About this exercise: Go through the lines below one by one and count those holding the string "ultimately". Give the count alone.

(Input data begins)

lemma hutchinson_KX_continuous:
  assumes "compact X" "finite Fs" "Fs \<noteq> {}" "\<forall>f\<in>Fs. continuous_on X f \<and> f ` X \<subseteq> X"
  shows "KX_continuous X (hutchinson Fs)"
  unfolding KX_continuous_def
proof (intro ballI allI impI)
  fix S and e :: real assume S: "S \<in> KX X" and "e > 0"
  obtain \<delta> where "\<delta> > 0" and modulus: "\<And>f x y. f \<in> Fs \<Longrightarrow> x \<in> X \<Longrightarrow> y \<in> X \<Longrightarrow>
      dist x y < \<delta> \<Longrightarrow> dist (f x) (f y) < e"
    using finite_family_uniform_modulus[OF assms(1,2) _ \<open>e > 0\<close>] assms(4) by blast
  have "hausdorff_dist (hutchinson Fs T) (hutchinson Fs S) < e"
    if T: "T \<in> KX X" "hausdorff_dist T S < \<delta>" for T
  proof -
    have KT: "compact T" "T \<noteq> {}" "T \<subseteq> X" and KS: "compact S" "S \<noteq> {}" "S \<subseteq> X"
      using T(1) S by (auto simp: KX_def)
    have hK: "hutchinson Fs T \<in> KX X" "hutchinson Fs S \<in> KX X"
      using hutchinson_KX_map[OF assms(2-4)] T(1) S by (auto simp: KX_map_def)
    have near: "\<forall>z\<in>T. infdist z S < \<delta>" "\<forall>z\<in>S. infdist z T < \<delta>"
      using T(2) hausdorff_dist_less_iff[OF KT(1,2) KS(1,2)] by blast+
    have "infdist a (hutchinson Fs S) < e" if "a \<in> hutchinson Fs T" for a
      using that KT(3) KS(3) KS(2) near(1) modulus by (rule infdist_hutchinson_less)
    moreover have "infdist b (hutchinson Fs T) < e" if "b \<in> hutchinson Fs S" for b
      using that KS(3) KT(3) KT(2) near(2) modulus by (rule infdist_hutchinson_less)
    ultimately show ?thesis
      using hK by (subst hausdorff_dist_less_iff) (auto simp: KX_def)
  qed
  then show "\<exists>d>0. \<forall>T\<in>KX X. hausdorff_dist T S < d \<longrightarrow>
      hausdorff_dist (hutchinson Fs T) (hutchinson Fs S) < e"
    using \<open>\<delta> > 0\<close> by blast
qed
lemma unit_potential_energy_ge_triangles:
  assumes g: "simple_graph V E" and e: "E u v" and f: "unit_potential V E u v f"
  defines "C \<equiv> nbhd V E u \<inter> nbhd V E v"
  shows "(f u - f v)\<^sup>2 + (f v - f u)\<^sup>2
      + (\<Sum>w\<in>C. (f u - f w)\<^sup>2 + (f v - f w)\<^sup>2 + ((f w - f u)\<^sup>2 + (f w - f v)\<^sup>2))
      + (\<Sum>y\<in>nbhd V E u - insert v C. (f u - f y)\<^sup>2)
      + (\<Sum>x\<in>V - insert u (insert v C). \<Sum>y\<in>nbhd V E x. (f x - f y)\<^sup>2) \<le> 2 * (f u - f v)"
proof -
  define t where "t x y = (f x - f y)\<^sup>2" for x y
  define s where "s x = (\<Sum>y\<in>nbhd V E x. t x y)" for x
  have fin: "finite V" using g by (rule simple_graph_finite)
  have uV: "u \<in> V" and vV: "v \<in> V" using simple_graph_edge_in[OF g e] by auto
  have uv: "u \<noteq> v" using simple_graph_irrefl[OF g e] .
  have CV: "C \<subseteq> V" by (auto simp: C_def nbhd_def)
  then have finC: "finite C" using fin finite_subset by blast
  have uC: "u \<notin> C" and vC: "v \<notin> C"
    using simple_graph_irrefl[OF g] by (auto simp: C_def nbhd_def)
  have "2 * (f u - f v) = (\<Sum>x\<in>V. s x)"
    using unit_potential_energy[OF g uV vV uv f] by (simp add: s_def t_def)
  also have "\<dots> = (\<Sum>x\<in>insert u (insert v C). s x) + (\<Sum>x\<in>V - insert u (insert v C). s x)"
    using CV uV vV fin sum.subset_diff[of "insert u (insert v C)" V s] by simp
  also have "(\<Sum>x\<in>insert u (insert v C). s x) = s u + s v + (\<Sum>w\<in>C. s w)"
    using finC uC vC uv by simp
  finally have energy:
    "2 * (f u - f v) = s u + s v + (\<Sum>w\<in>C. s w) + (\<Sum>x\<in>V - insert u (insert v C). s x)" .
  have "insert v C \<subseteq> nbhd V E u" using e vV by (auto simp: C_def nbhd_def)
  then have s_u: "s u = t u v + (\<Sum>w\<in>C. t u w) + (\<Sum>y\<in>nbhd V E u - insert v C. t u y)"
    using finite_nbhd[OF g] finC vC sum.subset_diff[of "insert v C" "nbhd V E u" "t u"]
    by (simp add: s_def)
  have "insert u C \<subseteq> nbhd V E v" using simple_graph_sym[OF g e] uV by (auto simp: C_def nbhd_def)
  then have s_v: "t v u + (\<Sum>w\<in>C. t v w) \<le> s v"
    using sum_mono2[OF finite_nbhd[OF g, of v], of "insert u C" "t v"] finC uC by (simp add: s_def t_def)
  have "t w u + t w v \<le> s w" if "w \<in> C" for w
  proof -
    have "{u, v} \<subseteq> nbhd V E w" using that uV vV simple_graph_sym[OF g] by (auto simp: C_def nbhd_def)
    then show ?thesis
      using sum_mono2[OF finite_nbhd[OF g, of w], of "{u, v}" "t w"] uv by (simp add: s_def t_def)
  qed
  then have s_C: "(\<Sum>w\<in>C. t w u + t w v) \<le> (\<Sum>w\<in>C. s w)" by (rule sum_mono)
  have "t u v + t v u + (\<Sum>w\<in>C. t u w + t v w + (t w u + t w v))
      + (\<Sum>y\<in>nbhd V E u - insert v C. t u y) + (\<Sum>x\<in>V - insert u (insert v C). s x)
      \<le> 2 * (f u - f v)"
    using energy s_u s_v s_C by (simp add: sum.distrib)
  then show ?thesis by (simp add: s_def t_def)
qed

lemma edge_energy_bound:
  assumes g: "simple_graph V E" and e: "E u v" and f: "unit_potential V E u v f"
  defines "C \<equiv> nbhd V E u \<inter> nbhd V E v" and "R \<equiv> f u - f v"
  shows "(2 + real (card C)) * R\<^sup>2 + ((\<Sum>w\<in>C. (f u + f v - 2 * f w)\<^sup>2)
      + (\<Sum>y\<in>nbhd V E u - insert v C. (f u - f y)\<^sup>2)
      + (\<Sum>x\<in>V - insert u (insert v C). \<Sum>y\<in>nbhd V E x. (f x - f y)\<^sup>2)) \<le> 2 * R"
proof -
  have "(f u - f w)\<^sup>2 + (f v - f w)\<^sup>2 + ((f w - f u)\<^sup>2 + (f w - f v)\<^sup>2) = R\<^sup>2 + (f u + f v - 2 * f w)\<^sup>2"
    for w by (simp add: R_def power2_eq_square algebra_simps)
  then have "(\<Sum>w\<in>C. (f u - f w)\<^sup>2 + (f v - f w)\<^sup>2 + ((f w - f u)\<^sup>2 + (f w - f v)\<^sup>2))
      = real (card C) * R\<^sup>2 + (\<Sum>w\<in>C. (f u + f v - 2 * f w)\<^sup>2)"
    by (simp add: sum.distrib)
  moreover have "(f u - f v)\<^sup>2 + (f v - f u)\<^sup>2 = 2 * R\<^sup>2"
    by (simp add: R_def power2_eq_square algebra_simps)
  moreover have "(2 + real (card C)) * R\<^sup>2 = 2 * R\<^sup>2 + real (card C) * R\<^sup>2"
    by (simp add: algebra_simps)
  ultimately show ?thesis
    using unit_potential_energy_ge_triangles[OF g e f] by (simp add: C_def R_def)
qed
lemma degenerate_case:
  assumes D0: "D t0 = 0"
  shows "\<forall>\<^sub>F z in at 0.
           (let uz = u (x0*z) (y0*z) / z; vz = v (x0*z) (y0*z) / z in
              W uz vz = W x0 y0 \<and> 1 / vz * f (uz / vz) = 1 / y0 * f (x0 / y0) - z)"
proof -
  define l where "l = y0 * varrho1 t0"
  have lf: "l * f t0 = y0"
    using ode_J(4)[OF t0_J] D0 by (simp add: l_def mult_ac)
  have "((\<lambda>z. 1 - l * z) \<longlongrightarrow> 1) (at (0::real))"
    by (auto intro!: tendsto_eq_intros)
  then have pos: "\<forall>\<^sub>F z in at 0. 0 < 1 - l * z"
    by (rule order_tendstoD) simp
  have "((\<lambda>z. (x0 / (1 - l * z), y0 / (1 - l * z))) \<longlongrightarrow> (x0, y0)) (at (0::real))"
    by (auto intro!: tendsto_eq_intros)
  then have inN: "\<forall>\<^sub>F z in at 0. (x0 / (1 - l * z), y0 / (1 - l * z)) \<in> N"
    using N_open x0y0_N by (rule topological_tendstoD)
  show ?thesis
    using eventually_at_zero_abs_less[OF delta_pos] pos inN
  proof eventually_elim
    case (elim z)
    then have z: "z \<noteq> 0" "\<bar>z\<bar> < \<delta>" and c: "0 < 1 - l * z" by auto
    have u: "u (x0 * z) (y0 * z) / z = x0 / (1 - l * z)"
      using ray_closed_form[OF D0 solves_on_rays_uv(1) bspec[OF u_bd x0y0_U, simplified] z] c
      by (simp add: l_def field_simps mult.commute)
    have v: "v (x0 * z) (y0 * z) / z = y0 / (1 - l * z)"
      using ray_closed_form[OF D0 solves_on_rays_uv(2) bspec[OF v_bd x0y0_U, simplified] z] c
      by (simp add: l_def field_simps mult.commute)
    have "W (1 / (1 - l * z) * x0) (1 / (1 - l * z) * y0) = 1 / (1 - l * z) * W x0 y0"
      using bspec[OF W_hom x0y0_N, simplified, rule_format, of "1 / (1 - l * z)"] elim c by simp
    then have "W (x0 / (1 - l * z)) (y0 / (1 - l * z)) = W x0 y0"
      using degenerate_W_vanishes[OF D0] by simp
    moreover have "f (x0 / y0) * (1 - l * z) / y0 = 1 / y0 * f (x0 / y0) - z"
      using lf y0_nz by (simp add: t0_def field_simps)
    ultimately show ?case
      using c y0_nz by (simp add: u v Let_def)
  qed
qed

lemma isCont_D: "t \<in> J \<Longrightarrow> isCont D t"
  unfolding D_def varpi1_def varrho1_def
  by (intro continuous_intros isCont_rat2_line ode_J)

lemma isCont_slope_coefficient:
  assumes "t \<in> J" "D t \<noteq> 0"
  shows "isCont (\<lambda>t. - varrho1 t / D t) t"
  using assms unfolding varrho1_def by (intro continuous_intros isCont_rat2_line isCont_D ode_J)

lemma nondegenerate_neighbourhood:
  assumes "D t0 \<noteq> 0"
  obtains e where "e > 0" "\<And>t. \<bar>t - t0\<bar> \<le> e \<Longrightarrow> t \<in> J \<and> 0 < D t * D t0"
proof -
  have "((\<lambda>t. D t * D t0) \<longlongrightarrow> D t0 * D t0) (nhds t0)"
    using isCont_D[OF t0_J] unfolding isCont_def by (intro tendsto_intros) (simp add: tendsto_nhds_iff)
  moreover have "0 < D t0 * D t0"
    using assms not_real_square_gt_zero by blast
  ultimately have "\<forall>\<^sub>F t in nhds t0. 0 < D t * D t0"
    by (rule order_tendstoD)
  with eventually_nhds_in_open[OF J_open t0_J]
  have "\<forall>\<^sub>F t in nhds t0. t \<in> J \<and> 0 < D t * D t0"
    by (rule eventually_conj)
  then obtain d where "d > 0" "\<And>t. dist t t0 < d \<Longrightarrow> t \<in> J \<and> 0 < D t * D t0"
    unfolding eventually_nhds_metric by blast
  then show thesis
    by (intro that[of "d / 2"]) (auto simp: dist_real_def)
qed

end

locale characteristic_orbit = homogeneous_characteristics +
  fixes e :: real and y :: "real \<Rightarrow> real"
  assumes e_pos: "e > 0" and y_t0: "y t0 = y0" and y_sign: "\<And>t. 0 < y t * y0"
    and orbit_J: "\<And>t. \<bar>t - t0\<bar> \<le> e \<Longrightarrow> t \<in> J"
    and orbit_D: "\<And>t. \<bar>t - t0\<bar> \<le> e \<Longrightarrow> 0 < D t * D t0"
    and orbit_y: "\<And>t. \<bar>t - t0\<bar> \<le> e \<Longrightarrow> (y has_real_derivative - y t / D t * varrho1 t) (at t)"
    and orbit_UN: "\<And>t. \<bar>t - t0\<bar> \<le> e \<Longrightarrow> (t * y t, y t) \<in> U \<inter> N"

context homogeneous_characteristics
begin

(Input data ends)

Expected answer: 4